Дело не во вкусе. Дело в том, что ботинки эти были просто-таки жизненно необходимы Машке.
– Га-а-ль, – протянула она, чувствуя, как к горлу подступают слезы. – У меня же собеседование… и как я теперь?
– Мои возьми. Хотя…
Ну да, как тут… Галка носила тридцать девятый, а Машка – тридцать шестой, и это не считая нежной любви сестры к высоким каблукам и ярким расцветкам.
– Погоди, – Галка, вручив младшенькой половник, распахнула дверцы шкафа. Оставшийся с незапамятных времен, он был огромен и вмещал кучу самых разнообразных предметов, начиная от садового секатора и заканчивая лыжами, которые Галкин муж сунул в угол три года назад и с тех пор так и не доставал ни разу. – Где-то… вот.
Она вытащила пакет, в котором лежали серые башмаки. Сплюснутые, перевязанные, они походили на двух дохлых крыс, и шнурки матерчатыми хвостами выглядывали из пакета.

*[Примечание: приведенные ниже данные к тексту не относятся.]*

lemma dvd_if_dvd_X_power_minus_one:
  fixes f :: "'a::comm_ring_1 poly"
  assumes "prime l" and "f dvd [:0, 1:] ^ l - 1" and "\<not> f dvd [:0, 1:] - 1"
    and "f dvd [:0, 1:] ^ n - 1"
  shows "l dvd n"
proof (rule ccontr)
  let ?X = "[:0, 1:] :: 'a poly"
  assume "\<not> l dvd n"
  then have "coprime n l"
    using assms(1) by (simp add: prime_imp_coprime coprime_commute)
  then obtain t where t: "[n * t = 1] (mod l)"
    using cong_solve_coprime_nat by auto
  have "?X ^ n - 1 dvd (?X ^ n) ^ t - 1"
    by (simp add: power_diff_1_eq)
  then have "f dvd ?X ^ (n * t) - 1"
    using assms(4) by (simp add: power_mult dvd_trans)
  moreover have "f dvd ?X ^ (n * t) - ?X ^ 1"
    using assms(2) power_diff_dvd_if_cong[OF t] by (rule dvd_trans)
  ultimately have "f dvd (?X ^ (n * t) - 1) - (?X ^ (n * t) - ?X)"
    by (simp only: power_one_right dvd_diff)
  with assms(3) show False
    by simp
qed

lemma cong_if_prime_elem_dvd_X_power_diff:
  fixes f :: "'a::idom poly"
  assumes "prime l" and f: "prime_elem f" "f dvd [:0, 1:] ^ l - 1" "\<not> f dvd [:0, 1:] - 1"
    and "f dvd [:0, 1:] ^ a - [:0, 1:] ^ b"
  shows "[a = b] (mod l)"
proof -
  let ?X = "[:0, 1:] :: 'a poly"
  have "[a = b] (mod l)" if "b \<le> a" and "f dvd ?X ^ a - ?X ^ b" for a b
  proof -
    have "?X ^ a - ?X ^ b = ?X ^ b * (?X ^ (a - b) - 1)"
      using \<open>b \<le> a\<close> by (simp add: algebra_simps flip: power_add)
    moreover have "\<not> f dvd ?X ^ b"
      using prime_elem_dvd_X_power_minus_one_not_dvd_X_power f(1,2) assms(1) prime_gt_0_nat by blast
    ultimately have "f dvd ?X ^ (a - b) - 1"
      using f(1) \<open>f dvd ?X ^ a - ?X ^ b\<close> prime_elem_dvd_mult_iff by metis
    then have "l dvd a - b"
      using dvd_if_dvd_X_power_minus_one assms(1) f(2,3) by blast
    with \<open>b \<le> a\<close> show ?thesis
      by (simp add: cong_altdef_nat)
  qed
  moreover have "f dvd ?X ^ b - ?X ^ a"
    using assms(5) by (metis dvd_minus_iff minus_diff_eq)
  ultimately show ?thesis
    using assms(5) by (metis cong_sym nat_le_linear)
qed

section \<open>The conjugate-reciprocal of a factor of \<open>x ^ l - 1\<close>\<close>

lemma reflect_poly_eq_sum:
  "reflect_poly p = (\<Sum>i\<le>degree p. Polynomial.monom (Polynomial.coeff p i) (degree p - i))"
proof (rule poly_eqI)
  fix n
  have "{..degree p} \<inter> {i. degree p - i = n} = (if n \<le> degree p then {degree p - n} else {})"
    by auto
  then show "Polynomial.coeff (reflect_poly p) n
      = Polynomial.coeff (\<Sum>i\<le>degree p. Polynomial.monom (Polynomial.coeff p i) (degree p - i)) n"
    by (simp add: coeff_reflect_poly Polynomial.coeff_sum sum.If_cases)
qed

text \<open>Modulo \<open>x ^ l - 1\<close> the power \<open>x ^ (l - 1)\<close> is an inverse of \<open>x\<close>, and
  \<open>reflect_poly p\<close> evaluated at \<open>1/x\<close> is \<open>x ^ (-degree p) * p\<close>.\<close>
lemma X_power_mult_reflect_poly_pcompose_cong:
  fixes p :: "'a::comm_ring_1 poly"
  assumes "l > 0"
  shows "[:0, 1:] ^ l - 1 dvd [:0, 1:] ^ degree p * pcompose (reflect_poly p) ([:0, 1:] ^ (l - 1)) - p"
proof -
  let ?X = "[:0, 1:] :: 'a poly" and ?n = "degree p"
  have "?X ^ ?n * pcompose (reflect_poly p) (?X ^ (l - 1))
      = (\<Sum>i\<le>?n. Polynomial.smult (Polynomial.coeff p i) (?X ^ (?n + (l - 1) * (?n - i))))"
    by (simp add: reflect_poly_eq_sum pcompose_sum sum_distrib_left monom_altdef pcompose_smult
        pcompose_X_power mult_smult_right flip: power_mult power_add)
  moreover have "(\<Sum>i\<le>?n. Polynomial.smult (Polynomial.coeff p i) (?X ^ i)) = p"
    using poly_as_sum_of_monoms[of p] by (simp add: monom_altdef)
  ultimately have "?X ^ ?n * pcompose (reflect_poly p) (?X ^ (l - 1)) - p
      = (\<Sum>i\<le>?n. Polynomial.smult (Polynomial.coeff p i) (?X ^ (?n + (l - 1) * (?n - i))))
        - (\<Sum>i\<le>?n. Polynomial.smult (Polynomial.coeff p i) (?X ^ i))"
    by (simp only:)
  also have "\<dots> = (\<Sum>i\<le>?n. Polynomial.smult (Polynomial.coeff p i)
                                   (?X ^ (?n + (l - 1) * (?n - i)) - ?X ^ i))"
    by (simp add: smult_diff_right sum_subtractf)
  finally have expand: "?X ^ ?n * pcompose (reflect_poly p) (?X ^ (l - 1)) - p
      = (\<Sum>i\<le>?n. Polynomial.smult (Polynomial.coeff p i)
                        (?X ^ (?n + (l - 1) * (?n - i)) - ?X ^ i))" .
  moreover have "?X ^ l - 1 dvd ?X ^ (?n + (l - 1) * (?n - i)) - ?X ^ i" if "i \<le> ?n" for i
  proof (rule power_diff_dvd_if_cong)
    define d where "d = ?n - i"
    have "?n = i + d"
      using that by (simp add: d_def)
    moreover obtain m where "l = Suc m"
      using assms gr0_implies_Suc by blast
    ultimately have "?n + (l - 1) * (?n - i) = i + (?n - i) * l"
      by (simp add: algebra_simps)
    then show "[?n + (l - 1) * (?n - i) = i] (mod l)"
      by (simp add: cong_def)
  qed
  then show ?thesis
    unfolding expand by (intro dvd_sum dvd_smult) simp
qed

lemma degree_conj_recip_poly:
  fixes f :: "'a::field poly"
  assumes "Polynomial.coeff f 0 \<noteq> 0" and "q > 0"
  shows "degree (conj_recip_poly q f) = degree f"
  using assms
  by (simp add: conj_recip_poly_def conj_poly_def recip_poly_def degree_map_poly power_0_left)

lemma lead_coeff_conj_recip_poly:
  fixes f :: "'a::field poly"
  assumes "Polynomial.coeff f 0 \<noteq> 0" and "q > 0"
  shows "lead_coeff (conj_recip_poly q f) = 1"
  using assms
  by (simp add: conj_recip_poly_def conj_poly_def recip_poly_def lead_coeff_map_poly_nz
      coeff_reflect_poly power_0_left)
lemma word_tabloid_rotate:
  assumes "Suc (length w) = n"
  shows "word_tabloid k (w @ [x]) = shift_tabloid n (n - 1) (word_tabloid k (x # w))"
proof -
  have n: "0 < n" using assms by simp
  have letter: "(w @ [x]) ! cshift n (n - 1) j = (x # w) ! j" if "j < n" for j
    using that assms by (cases j) (auto simp: cshift_def nth_append)
  have "cshift n (n - 1) ` {j. j < n \<and> (x # w) ! j = r} = {i. i < n \<and> (w @ [x]) ! i = r}" for r
  proof
    show "cshift n (n - 1) ` {j. j < n \<and> (x # w) ! j = r} \<subseteq> {i. i < n \<and> (w @ [x]) ! i = r}"
    proof (rule image_subsetI)
      fix j assume "j \<in> {j. j < n \<and> (x # w) ! j = r}"
      then show "cshift n (n - 1) j \<in> {i. i < n \<and> (w @ [x]) ! i = r}"
        using letter cshift_less[OF n] by simp
    qed
    show "{i. i < n \<and> (w @ [x]) ! i = r} \<subseteq> cshift n (n - 1) ` {j. j < n \<and> (x # w) ! j = r}"
    proof
      fix i assume i: "i \<in> {i. i < n \<and> (w @ [x]) ! i = r}"
      then have "i \<in> cshift n (n - 1) ` {0..<n}"
        using cshift_image[OF n] by simp
      then obtain j where "j < n" "i = cshift n (n - 1) j"
        by auto
      with i letter show "i \<in> cshift n (n - 1) ` {j. j < n \<and> (x # w) ! j = r}"
        by auto
    qed
  qed
  then show ?thesis
    using assms unfolding word_tabloid_def shift_tabloid_def by simp
qed

lemma knuth_move_word_tabloid:
  assumes w: "is_row_word n lam w" and j: "Suc j < n"
    and "a < n" "w ! a < w ! (Suc a mod n)" "\<not> swap_at j w ! a < swap_at j w ! (Suc a mod n)"
    and "b < n" "\<not> w ! b < w ! (Suc b mod n)" "swap_at j w ! b < swap_at j w ! (Suc b mod n)"
  shows "knuth_move n lam (word_tabloid (length lam) w) (word_tabloid (length lam) (swap_at j w))"
proof -
  have w': "is_row_word n lam (swap_at j w)"
    using is_row_word_swap_at[OF w j] .
  have "length w = n"
    using w unfolding is_row_word_def by simp
  then have "word_tabloid (length lam) (swap_at j w) = exch n j (word_tabloid (length lam) w)"
    using exch_word_tabloid[of j w "length lam"] j by simp
  moreover have "a \<in> tau n (word_tabloid (length lam) w) - tau n (word_tabloid (length lam) (swap_at j w))"
    "b \<in> tau n (word_tabloid (length lam) (swap_at j w)) - tau n (word_tabloid (length lam) w)"
    using assms(3-8) by (simp_all add: tau_word_tabloid[OF w] tau_word_tabloid[OF w'])
  ultimately show ?thesis
    unfolding knuth_move_def using Suc_lessD[OF j] is_tabloid_word_tabloid[OF w] is_tabloid_word_tabloid[OF w']
    by blast
qed

lemma knuth_move_swap_at_right:
  assumes w: "is_row_word n lam w" and j: "Suc (Suc j) < n" and "w ! j \<noteq> w ! Suc j"
    and "min (w ! j) (w ! Suc j) < w ! Suc (Suc j)" "w ! Suc (Suc j) \<le> max (w ! j) (w ! Suc j)"
  shows "knuth_move n lam (word_tabloid (length lam) w) (word_tabloid (length lam) (swap_at j w))"
proof -
  have "length w = n"
    using w unfolding is_row_word_def by simp
  then have nth: "swap_at j w ! j = w ! Suc j" "swap_at j w ! Suc j = w ! j"
    "swap_at j w ! Suc (Suc j) = w ! Suc (Suc j)"
    using j by (simp_all add: swap_at_def)
  have mod: "Suc j mod n = Suc j" "Suc (Suc j) mod n = Suc (Suc j)"
    using j by simp_all
  show ?thesis
  proof (cases "w ! j < w ! Suc j")
    case True
    then show ?thesis
      using knuth_move_word_tabloid[OF w, of j j "Suc j"] assms nth mod by simp
  next
    case False
    then show ?thesis
      using knuth_move_word_tabloid[OF w, of j "Suc j" j] assms nth mod by simp
  qed
qed

lemma knuth_move_swap_at_left:
  assumes w: "is_row_word n lam w" and j: "Suc (Suc j) < n" and "w ! Suc j \<noteq> w ! Suc (Suc j)"
    and "min (w ! Suc j) (w ! Suc (Suc j)) \<le> w ! j" "w ! j < max (w ! Suc j) (w ! Suc (Suc j))"
  shows "knuth_move n lam (word_tabloid (length lam) w) (word_tabloid (length lam) (swap_at (Suc j) w))"
proof -
  have "length w = n"
    using w unfolding is_row_word_def by simp
  then have nth: "swap_at (Suc j) w ! j = w ! j" "swap_at (Suc j) w ! Suc j = w ! Suc (Suc j)"
    "swap_at (Suc j) w ! Suc (Suc j) = w ! Suc j"
    using j by (simp_all add: swap_at_def)
  have mod: "Suc j mod n = Suc j" "Suc (Suc j) mod n = Suc (Suc j)"
    using j by simp_all
  show ?thesis
  proof (cases "w ! Suc j < w ! Suc (Suc j)")
    case True
    then show ?thesis
      using knuth_move_word_tabloid[OF w, of "Suc j" "Suc j" j] assms nth mod by simp
  next
    case False
    then show ?thesis
      using knuth_move_word_tabloid[OF w, of "Suc j" j "Suc j"] assms nth mod by simp
  qed
qed

section \<open>Suffix excesses and the potential\<close>

definition excess :: "nat \<Rightarrow> nat list \<Rightarrow> int" where
  "excess v w = int (count (mset w) v) - int (count (mset w) (Suc v))"

fun max_suffix_excess :: "nat \<Rightarrow> nat list \<Rightarrow> int" where
  "max_suffix_excess v [] = 0"
| "max_suffix_excess v (a # w) = max (max_suffix_excess v w) (excess v (a # w))"

lemma excess_Cons: "excess v (a # w) = (if a = v then 1 else if a = Suc v then -1 else 0) + excess v w"
  by (simp add: excess_def)

lemma excess_le_max_suffix_excess: "excess v w \<le> max_suffix_excess v w"
  by (cases w) (auto simp: excess_def)

lemma max_suffix_excess_nonneg: "0 \<le> max_suffix_excess v w"
  by (induction w) auto

lemma max_suffix_excess_le_length: "max_suffix_excess v w \<le> int (length w)"
proof (induction w)
  case (Cons a w)
  have "excess v (a # w) \<le> int (length (a # w))"
    unfolding excess_def using count_le_size[of "mset (a # w)" v] by simp
  with Cons show ?case by simp
qed simp

lemma max_suffix_excess_snoc:
  "max_suffix_excess v (w @ [a]) = max 0 (max_suffix_excess v w + excess v [a])"
  by (induction w) (auto simp: excess_def max_def)

lemma max_suffix_excess_append_cong:
  "max_suffix_excess v X = max_suffix_excess v Y \<Longrightarrow> mset X = mset Y
    \<Longrightarrow> max_suffix_excess v (u @ X) = max_suffix_excess v (u @ Y)"
  by (induction u) (simp_all add: excess_def)

lemma max_suffix_excess_swap_right:
  assumes "p \<noteq> q" "min p q < d" "d \<le> max p q"
  shows "max_suffix_excess v (p # q # d # t) = max_suffix_excess v (q # p # d # t)"
  using excess_le_max_suffix_excess[of v t] assms by (auto simp: excess_Cons max_def)

lemma max_suffix_excess_swap_left:
  assumes "p \<noteq> q" "min p q \<le> a" "a < max p q"
  shows "max_suffix_excess v (a # p # q # t) = max_suffix_excess v (a # q # p # t)"
  using excess_le_max_suffix_excess[of v t] assms by (auto simp: excess_Cons max_def)

lemma max_suffix_excess_swap_at_right:
  assumes "Suc (Suc j) < length w" "w ! j \<noteq> w ! Suc j"
    "min (w ! j) (w ! Suc j) < w ! Suc (Suc j)" "w ! Suc (Suc j) \<le> max (w ! j) (w ! Suc j)"
  shows "max_suffix_excess v (swap_at j w) = max_suffix_excess v w"
proof -
  let ?t = "drop (Suc (Suc (Suc j))) w"
  have "w = take j w @ w ! j # w ! Suc j # w ! Suc (Suc j) # ?t"
    using assms(1) by (simp add: Cons_nth_drop_Suc)
  moreover have "swap_at j w = take j w @ w ! Suc j # w ! j # w ! Suc (Suc j) # ?t"
    using assms(1) by (simp add: swap_at_eq_append Cons_nth_drop_Suc)
  ultimately show ?thesis
    using max_suffix_excess_append_cong max_suffix_excess_swap_right[OF assms(2-4)]
    by (metis mset_swap_at add_mset_commute mset.simps(2))
qed

lemma max_suffix_excess_swap_at_left:
  assumes "Suc (Suc j) < length w" "w ! Suc j \<noteq> w ! Suc (Suc j)"
    "min (w ! Suc j) (w ! Suc (Suc j)) \<le> w ! j" "w ! j < max (w ! Suc j) (w ! Suc (Suc j))"
  shows "max_suffix_excess v (swap_at (Suc j) w) = max_suffix_excess v w"
proof -
  let ?t = "drop (Suc (Suc (Suc j))) w"
  have "w = take j w @ w ! j # w ! Suc j # w ! Suc (Suc j) # ?t"
    using assms(1) by (simp add: Cons_nth_drop_Suc)
  moreover have "swap_at (Suc j) w = take j w @ w ! j # w ! Suc (Suc j) # w ! Suc j # ?t"
    using assms(1) by (simp add: swap_at_eq_append take_Suc_conv_app_nth)
  ultimately show ?thesis
    using max_suffix_excess_append_cong max_suffix_excess_swap_left[OF assms(2-4)]
    by (metis add_mset_commute mset.simps(2))
qed

definition potential :: "nat \<Rightarrow> nat list \<Rightarrow> int" where
  "potential k w = (\<Sum>v<k. int (k - v) * max_suffix_excess v w)"

lemma potential_le: "potential k w \<le> int (k * k * length w)"
proof -
  have "potential k w \<le> (\<Sum>v<k. int k * int (length w))"
    unfolding potential_def
  proof (rule sum_mono)
    fix v
    have "int (k - v) * max_suffix_excess v w \<le> int (k - v) * int (length w)"
      using max_suffix_excess_le_length by (simp add: mult_left_mono)
    also have "\<dots> \<le> int k * int (length w)"
      by (simp add: mult_right_mono)
    finally show "int (k - v) * max_suffix_excess v w \<le> int k * int (length w)" .
  qed
  then show ?thesis
    by simp
qed
(* Let $d,n\ge 1$, let $\mathcal{B}=\{x\in\mathbb{R}^d : x_i\in[\underline{x}_i,\overline{x}_i],\ i=1,\dots,d\}$ be a box with $\underline{x}_i\le \overline{x}_i$, and let $f:\mathbb{R}^d\to\mathbb{R}$ and $f_1,\dots,f_n:\mathbb{R}^d\to\mathbb{R}$ satisfy the assumptions stated in the context (in particular $f$ is a continuous piece-wise function defined in terms of $f_1,\dots,f_n$, each $f_j$ is differentiable on $\mathbb{R}^d$ and analytic along every line, and $\gamma>0$ bounds the second directional derivatives of the $f_j$). Let $\{x_s\}_{s\ge 0}$ be any sequence of iterates generated by the iteration described in the context (the multidimensional algorithm, run without termination). Then every limit point of $\{x_s\}$ is a global minimizer of the problem $f^*:=\min_{x\in\mathcal{B}} f(x)$.
   Context: Assumptions. $f_1,\dots,f_n:\mathbb{R}^d\to\mathbb{R}$ are differentiable on $\mathbb{R}^d$, and each $f_j$ is analytic along every line in $\mathbb{R}^d$, i.e. for every $x\in\mathbb{R}^d$ and $p\in\mathbb{R}^d$ the function $\alpha\mapsto f_j(x+\alpha p)$ is real analytic on $\mathbb{R}$. The function $f:\mathbb{R}^d\to\mathbb{R}$ is continuous and piece-wise defined in terms of $f_1,\dots,f_n$: for every $x,y\in\mathbb{R}^d$, the segment $\{x+t(y-x): t\in[0,1]\}$ can be split into finitely many subintervals $[t_\ell,t_{\ell+1}]$ of $[0,1]$ on each of which $t\mapsto f(x+t(y-x))$ coincides with $t\mapsto f_j(x+t(y-x))$ for some index $j\in\{1,\dots,n\}$ (depending on the subinterval). The scalar $\gamma>0$ satisfies $\left|\frac{d^2}{d\alpha^2} f_j(x+\alpha p)\right|\le\gamma$ for all $j=1,\dots,n$, all $x\in\mathbb{R}^d$, all unit vectors $p\in\mathbb{R}^d$ ($\|p\|_2=1$), and all $\alpha\in\mathbb{R}$. Quadratic models. For a point $y\in\mathbb{R}^d$ define $q_y(x):=f(y)+\min_{j=1,\dots,n}\{\nabla f_j(y)^T(x-y)\}-\frac{\gamma}{2}\|x-y\|_2^2$. The iteration (multidimensional algorithm). Pick an arbitrary $x_0\in\mathcal{B}$. For $s=0,1,2,\dots$: set $q_s:=q_{x_s}$, $\overline{q}_s(x):=\max_{k=0,\dots,s} q_k(x)$, choose $x_{s+1}$ to be a global minimizer of $\overline{q}_s$ over $\mathcal{B}$, and set the lower bound $l_{s+1}:=\overline{q}_s(x_{s+1})$ and the upper bound $u_{s+1}:=\min_{k=0,\dots,s+1} f(x_k)$. (In the paper the loop stops once $u_s-l_s\le\epsilon$ for a tolerance $\epsilon>0$; the theorem concerns the infinite sequence $\{x_s\}$ produced when the iteration is continued indefinitely.) *)

theory Defs
  imports "HOL-Analysis.Analysis"
begin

– Вот, мне они маленькие, тебе будут большие, но ничего, бумаги в носы напихаешь, и ладно.
Вооружившись щеткой, она очищала ботинки от пыли. А Машка просто стояла, понимая, что день сегодня… ну просто очень неудачный сегодня день…
– Чего? Ну можешь сапоги надеть или кроссовки.
К английской юбке и строгому пиджаку? Нет, Галка права, ботинки – меньшее из зол. И Машка, вздохнув, пошла за газетами. Младшая, спрятавшись в углу, премерзко хихикала, а ее братец, отвлекшись от книги, сказал:
– Главное, что в голове, а не что надето.
В свои пятнадцать племянник полагал себя мудрым и спешил мудростью делиться.
– Только ходи аккуратно. – Галка сама шнурки завязала. Порой Машке казалось, что сестрица не видит разницы между своими отпрысками и нею, но сегодня возражать не хотелось. – И в лужи не лезь… и сумку не забудь… а туфли твои я почищу.